Williams Cos. Buys Its MLP In A Day For The History Books
(Bloomberg) -- I will grant you this: “Simplification Thursday” does not have quite the same alliterative appeal as “Merger Monday.” But this Thursday is one for the history books if you follow that niche of the energy sector called master limited partnerships.
On the same morning, Williams Cos. Inc. announced an all-stock buyout of the roughly 27 percent stake it didn’t already own in Williams Partners LP, while Enbridge Inc. announced all-stock deals to consolidate Enbridge Energy Partners LP, Enbridge Energy Management LLC, Enbridge Income Fund Holdings Inc., and Spectra Energy Partners LP. Well done if you made it through that sentence in one go.
It really isn’t every day that companies representing 10.3 percent of an index — the Alerian MLP Index, in this case — get taken out. With Tallgrass Energy Partners LP also due to shuffle off (that deal was announced in March), the index’s ranks will soon drop to 38, down from 50 at the end of 2014, when times were good.
Apart from teeing up some mercifully cleaner organization charts, there’s a simple reason for Williams and Enbridge to take out their MLPs: They’ve gone from being a honeypot for investors to a deterrent.
Enbridge CEO Al Monaco said bluntly on Thursday’s call that “holding our assets in MLP structures is no longer advantageous.” But I think Williams CEO Alan Armstrong captured it better when he described difficulties courting institutional investors, who apparently reacted to the company’s MLP the way vampires react to crucifixes.
The MLP structure took a big hit in March, when the Federal Energy Regulatory Commission abruptly took away a long-standing tax benefit for operators of certain interstate pipelines (see this for an explanation). Both Williams and Enbridge cited this is as one reason to do their deals.
But the FERC’s blow was more coup de grâce than opening salvo. Tax reform, cutting the headline rate for regular companies and allowing immediate expensing of capital expenditure, had already eroded the tax advantage MLPs held over C-corps.
More broadly, the MLP moniker had been tarnished by a combination of weak corporate governance (see this); incentives skewed ridiculously toward insiders (try this); and a funding model that was, for some, fundamentally broken (and this.) The Williams deal, in particular, has looked likely for a long time (see this column laying out the rationale from early 2017).
One clue that this is a structural issue is investors’ indifference to MLPs, despite the apparent tailwinds of rising energy prices and U.S. production of oil and gas. There’s also the listlessness of Kinder Morgan Inc.’s stock — in part, I think, because it still talks the language of MLPs despite ditching them years ago. Turnover in the ownership of dedicated MLP-focused funds also illustrates a shift in the underlying shareholder base.

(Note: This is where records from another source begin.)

(* Penrose's uniqueness argument: B1 = B1 A B2 = B2, using only the four equations. *)
lemma moore_penrose_unique:
  fixes A :: "'a :: conjugatable_field mat"
  assumes A: "A \<in> carrier_mat r c" and 1: "is_moore_penrose A B1" and 2: "is_moore_penrose A B2"
  shows "B1 = B2"
proof -
  have B1: "B1 \<in> carrier_mat c r" and a1: "A * B1 * A = A" and b1: "B1 * A * B1 = B1"
    and c1: "mat_adjoint (A * B1) = A * B1" and d1: "mat_adjoint (B1 * A) = B1 * A"
    using 1 A unfolding is_moore_penrose_def by simp_all
  have B2: "B2 \<in> carrier_mat c r" and a2: "A * B2 * A = A" and b2: "B2 * A * B2 = B2"
    and c2: "mat_adjoint (A * B2) = A * B2" and d2: "mat_adjoint (B2 * A) = B2 * A"
    using 2 A unfolding is_moore_penrose_def by simp_all
  note dims = carrier_matD[OF A] carrier_matD[OF B1] carrier_matD[OF B2]
  have adjA1: "mat_adjoint A = mat_adjoint A * (mat_adjoint B1 * mat_adjoint A)"
    using arg_cong[OF a1, of mat_adjoint] dims by (simp add: adjoint_mult mult_assoc_dim)
  have adjA2: "mat_adjoint A = mat_adjoint A * (mat_adjoint B2 * mat_adjoint A)"
    using arg_cong[OF a2, of mat_adjoint] dims by (simp add: adjoint_mult mult_assoc_dim)
  have "B1 = B1 * (mat_adjoint B1 * mat_adjoint A)"
    using b1 c1 dims by (simp add: adjoint_mult mult_assoc_dim)
  also have "\<dots> = B1 * ((mat_adjoint B1 * mat_adjoint A) * (mat_adjoint B2 * mat_adjoint A))"
    using dims by (subst (1) adjA2) (simp add: mult_assoc_dim)
  also have "\<dots> = (B1 * A * B1) * (A * B2)"
    using c1 c2 dims by (simp add: adjoint_mult mult_assoc_dim)
  finally have left: "B1 = B1 * A * B2" using b1 dims by (simp add: mult_assoc_dim)
  have "B2 = (mat_adjoint A * mat_adjoint B2) * B2"
    using b2 d2 dims by (simp add: adjoint_mult)
  also have "\<dots> = ((mat_adjoint A * mat_adjoint B1) * (mat_adjoint A * mat_adjoint B2)) * B2"
    using dims by (subst (1) adjA1) (simp add: mult_assoc_dim)
  also have "\<dots> = B1 * A * (B2 * A * B2)"
    using d1 d2 dims by (simp add: adjoint_mult mult_assoc_dim)
  finally show ?thesis using left b2 by simp
qed

lemma mp_inverse_eqI:
  fixes A :: "'a :: conjugatable_field mat"
  assumes A: "A \<in> carrier_mat r c" and B: "is_moore_penrose A B"
  shows "mp_inverse A = B"
proof -
  have "mp_inverse A = (THE B. is_moore_penrose A B)"
    unfolding mp_inverse_def is_moore_penrose_def by simp
  also have "\<dots> = B" using B moore_penrose_unique[OF A] by blast
  finally show ?thesis .
qed

(* A reduced row echelon matrix C has an inner inverse Z (C Z C = C): Z maps the
   i-th standard basis vector to the pivot column of row i (or to 0 for zero rows).
   Then C Z is the diagonal projection onto the nonzero rows, which fixes C. *)
lemma row_echelon_inner_inverse:
  fixes C :: "'a :: field mat"
  assumes C: "C \<in> carrier_mat nr nc" and ref: "row_echelon_form C"
  shows "\<exists>Z \<in> carrier_mat nc nr. C * Z * C = C"
proof -
  obtain f where piv: "pivot_fun C f nc" using ref C unfolding row_echelon_form_def by auto
  note pivot = pivot_funD[OF carrier_matD(1)[OF C] piv]
  define Z where "Z = mat nc nr (\<lambda>(j, i). if f i < nc \<and> j = f i then (1 :: 'a) else 0)"
  define D where "D = mat nr nr (\<lambda>(i', i). if f i < nc \<and> i' = i then (1 :: 'a) else 0)"
  have CZ: "C * Z = D"
  proof (rule eq_matI)
    fix i' i assume "i' < dim_row D" "i < dim_col D"
    hence i: "i' < nr" "i < nr" unfolding D_def by simp_all
    have "(C * Z) $$ (i', i) = (\<Sum>j\<in>{0..<nc}. if f i < nc \<and> j = f i then C $$ (i', j) else 0)"
      using i C unfolding Z_def by (auto simp: scalar_prod_def intro!: sum.cong)
    also have "\<dots> = (if f i < nc then C $$ (i', f i) else 0)" by auto
    also have "\<dots> = D $$ (i', i)" using i pivot(4)[of i] pivot(5)[of i i'] unfolding D_def by auto
    finally show "(C * Z) $$ (i', i) = D $$ (i', i)" .
  qed (use C in \<open>simp_all add: D_def Z_def\<close>)
  have DC: "D * C = C"
  proof (rule eq_matI)
    fix i' k assume "i' < dim_row C" "k < dim_col C"
    hence i: "i' < nr" "k < nc" using C by simp_all
    have "(D * C) $$ (i', k) =
        (\<Sum>i\<in>{0..<nr}. (if i = i' then (if f i' < nc then 1 else 0) else 0) * C $$ (i, k))"
      using i C unfolding D_def by (auto simp: scalar_prod_def intro!: sum.cong sum.neutral)
    also have "\<dots> = (if f i' < nc then C $$ (i', k) else 0)"
      using i by (simp add: if_distrib[of "\<lambda>x. x * _"] cong: if_cong)
    also have "\<dots> = C $$ (i', k)"
      using i pivot(1)[of i'] pivot(2)[of i' k] by (auto simp: le_less)
    finally show "(D * C) $$ (i', k) = C $$ (i', k)" .
  qed (use C in \<open>simp_all add: D_def\<close>)
  have "C * Z * C = C" unfolding CZ DC ..
  moreover have "Z \<in> carrier_mat nc nr" unfolding Z_def by simp
  ultimately show ?thesis by blast
qed
(* Let $V$ be a real vector space of dimension $m=p+q\ge3$ with a non-degenerate symmetric inner product of arbitrary signature $(p,q)$, and let $\nabla R$ be a covariant derivative algebraic curvature tensor on $V$. If the eigenvalues of $\mathcal{S}_{\nabla R}(\cdot)$ are constant on $S^+(V)$ and on $S^-(V)$, then $\mathcal{S}_{\nabla R}(x)$ is nilpotent for every complex null vector $x\in\mathcal{N}$.
   Context: A covariant derivative algebraic curvature tensor is $\nabla R\in\otimes^5V^*$ satisfying $\nabla R(a,b,c,d;e)=-\nabla R(b,a,c,d;e)=\nabla R(c,d,a,b;e)$, $\nabla R(a,b,c,d;e)+\nabla R(a,c,d,b;e)+\nabla R(a,d,b,c;e)=0$, and $\nabla R(a,b,c,d;e)+\nabla R(a,b,d,e;c)+\nabla R(a,b,e,c;d)=0$. The Szab\'o operator $\mathcal{S}_{\nabla R}(x)$ is the linear map of $V$ defined by $(\mathcal{S}_{\nabla R}(x)y,w)=\nabla R(y,x,x,w;x)$. $S^\pm(V)=\{v\in V:(v,v)=\pm1\}$ are the pseudo-spheres of unit spacelike and timelike vectors. Everything is extended complex-multilinearly to $V_{\mathbb{C}}=V\otimes\mathbb{C}$; $\mathcal{N}=\{v\in V_{\mathbb{C}}:(v,v)=0\}$. A linear map $A$ is nilpotent if $A^m=0$, equivalently $\operatorname{trace}(A^i)=0$ for $1\le i\le m$. *)

theory Defs
  imports "HOL-Analysis.Analysis"
begin

text \<open>The inner product is
 (u,v) = u^T G v for a real symmetric invertible (non-degenerate) matrix G of arbitrary
 signature. A 5-tensor on V is given by its components T i j k l r on the basis.
 Everything is extended complex-multilinearly to V_C = complex^'n.\<close>

definition cmat :: "real^'n^'n \<Rightarrow> complex^'n^'n" where
  "cmat G = (\<chi> i j. complex_of_real (G $ i $ j))"

definition cvec :: "real^'n \<Rightarrow> complex^'n" where
  "cvec x = (\<chi> i. complex_of_real (x $ i))"

definition ip :: "real^'n^'n \<Rightarrow> complex^'n \<Rightarrow> complex^'n \<Rightarrow> complex" where
  "ip G u v = (\<Sum>i\<in>UNIV. \<Sum>j\<in>UNIV. complex_of_real (G $ i $ j) * u $ i * v $ j)"

definition nondeg_sym :: "real^'n^'n \<Rightarrow> bool" where
  "nondeg_sym G \<longleftrightarrow> transpose G = G \<and> invertible G"

definition tens5 :: "('n \<Rightarrow> 'n \<Rightarrow> 'n \<Rightarrow> 'n \<Rightarrow> 'n \<Rightarrow> real) \<Rightarrow>
    complex^'n \<Rightarrow> complex^'n \<Rightarrow> complex^'n \<Rightarrow> complex^'n \<Rightarrow> complex^'n \<Rightarrow> complex" where
  "tens5 T a b c d e = (\<Sum>i\<in>UNIV. \<Sum>j\<in>UNIV. \<Sum>k\<in>UNIV. \<Sum>l\<in>UNIV. \<Sum>r\<in>UNIV.
      complex_of_real (T i j k l r) * a $ i * b $ j * c $ k * d $ l * e $ r)"

text \<open>covariant derivative algebraic curvature tensor (the defining symmetries, on basis
 components; by multilinearity equivalent to the identities on all vectors)\<close>
definition cdact :: "('n \<Rightarrow> 'n \<Rightarrow> 'n \<Rightarrow> 'n \<Rightarrow> 'n \<Rightarrow> real) \<Rightarrow> bool" where
  "cdact T \<longleftrightarrow> (\<forall>a b c d e.
      T a b c d e = - T b a c d e \<and>
      T a b c d e = T c d a b e \<and>
      T a b c d e + T a c d b e + T a d b c e = 0 \<and>
      T a b c d e + T a b d e c + T a b e c d = 0)"

text \<open>Matrix of the Szabo operator S(x), defined by (S(x) y, w) = nablaR(y,x,x,w;x).
 With B w y = nablaR(e_y,x,x,e_w;x), S(x) = G^{-1} B.\<close>
definition szabo :: "real^'n^'n \<Rightarrow> ('n \<Rightarrow> 'n \<Rightarrow> 'n \<Rightarrow> 'n \<Rightarrow> 'n \<Rightarrow> real) \<Rightarrow>
    complex^'n \<Rightarrow> complex^'n^'n" where
  "szabo G T x = matrix_inv (cmat G) **
      (\<chi> w y. tens5 T (axis y 1) x x (axis w 1) x)"

definition eigenvalues :: "complex^'n^'n \<Rightarrow> complex set" where
  "eigenvalues A = {c. \<exists>v. v \<noteq> 0 \<and> A *v v = c *s v}"

definition nilpotent_mat :: "complex^'n^'n \<Rightarrow> bool" where
  "nilpotent_mat A \<longleftrightarrow> (\<exists>k. ((\<lambda>v. A *v v) ^^ k) = (\<lambda>v. 0))"

end

theory Submission
  imports
    Defs
    "HOL-Complex_Analysis.Conformal_Mappings"
    "HOL-Computational_Algebra.Fundamental_Theorem_Algebra"
begin

text \<open>Fix \<open>x0\<close> with \<open>(x0,x0) = \<kappa> = \<plusminus>1\<close> and let \<open>E\<close> be the finite spectrum of \<open>S(x0)\<close>.
  Since \<open>S(c x) = c^3 S(x)\<close>, at every real \<open>x\<close> with \<open>\<kappa> (x,x) > 0\<close> each eigenvalue \<open>\<mu>\<close> of
  \<open>S(x)\<close> satisfies \<open>\<mu>^2 = ((x,x)/\<kappa>)^3 l^2\<close> for some \<open>l \<in> E\<close>. Hence
  \<open>K(x) = \<Prod>l\<in>E. S(x)^2 - ((x,x)/\<kappa>)^3 l^2\<close> commutes with \<open>S(x)\<close> and kills all its
  eigenvectors, so \<open>K(x)^m = 0\<close> for \<open>m = dim V\<close>. The entries of \<open>K(x)^m\<close> depend polynomially on
  \<open>x\<close> and vanish on a nonempty open cone of real vectors, hence on all of \<open>V\<^sub>\<complex>\<close>; at a null
  vector \<open>K(x) = S(x)^(2|E|)\<close>.\<close>

section \<open>Linear recurrences and polynomials in a matrix\<close>

context finite_dimensional_vector_space
begin

lemma span_image_lessThan_imp_sum:
  fixes v :: "nat \<Rightarrow> 'b"
  shows "x \<in> span (v ` {..<j}) \<Longrightarrow> \<exists>c. x = (\<Sum>i<j. scale (c i) (v i))"
proof (induction j arbitrary: x)
  case 0
  then show ?case by simp
next
  case (Suc j)
  then obtain k where "x - scale k (v j) \<in> span (v ` {..<j})"
    by (auto simp: lessThan_Suc span_breakdown_eq)
  with Suc.IH obtain c where "x - scale k (v j) = (\<Sum>i<j. scale (c i) (v i))" by blast
  then have "x = (\<Sum>i<Suc j. scale ((c(j := k)) i) (v i))" by (simp add: algebra_simps)
  then show ?case by blast
qed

Earlier this month, Miller/Howard Investments Inc. wrote an open letter to MLP management teams calling on them to clean house and capture new investors now that so many on the retail side have abandoned them:
Many of you have voiced displeasure with your “high” yields, stating it’s difficult to raise equity to fund capital projects. The markets have been telling you something, but you’ve not listened. Compared to investors in utilities, a similar business, MLP investors require more than twice the yield to invest capital in your businesses … Be aware of who your future investors are and what they want.
What they want is exposure to steady cash flows and sustainable growth from energy infrastructure, backed by good governance and sound balance sheets. Williams, for example, should see its net debt to Ebitda ease from a pro-forma 4.64 times at the end of 2018 to below 4.6 times in 2019, despite raising its expansion capital expenditure budget and dividend growth of around 15 percent.
As I wrote here, and Miller/Howard’s letter mentions in that excerpt, this model sounds a bit more like that of utilities. A simpler story, combined with a simpler structure and financial metrics, should garner a friendlier reception from those “future” institutional investors when Williams and others show up for pitches. Expect even more of this.
My only request is future deals get announced over a weekend; “Simplification Sunday” just has a nicer ring to it.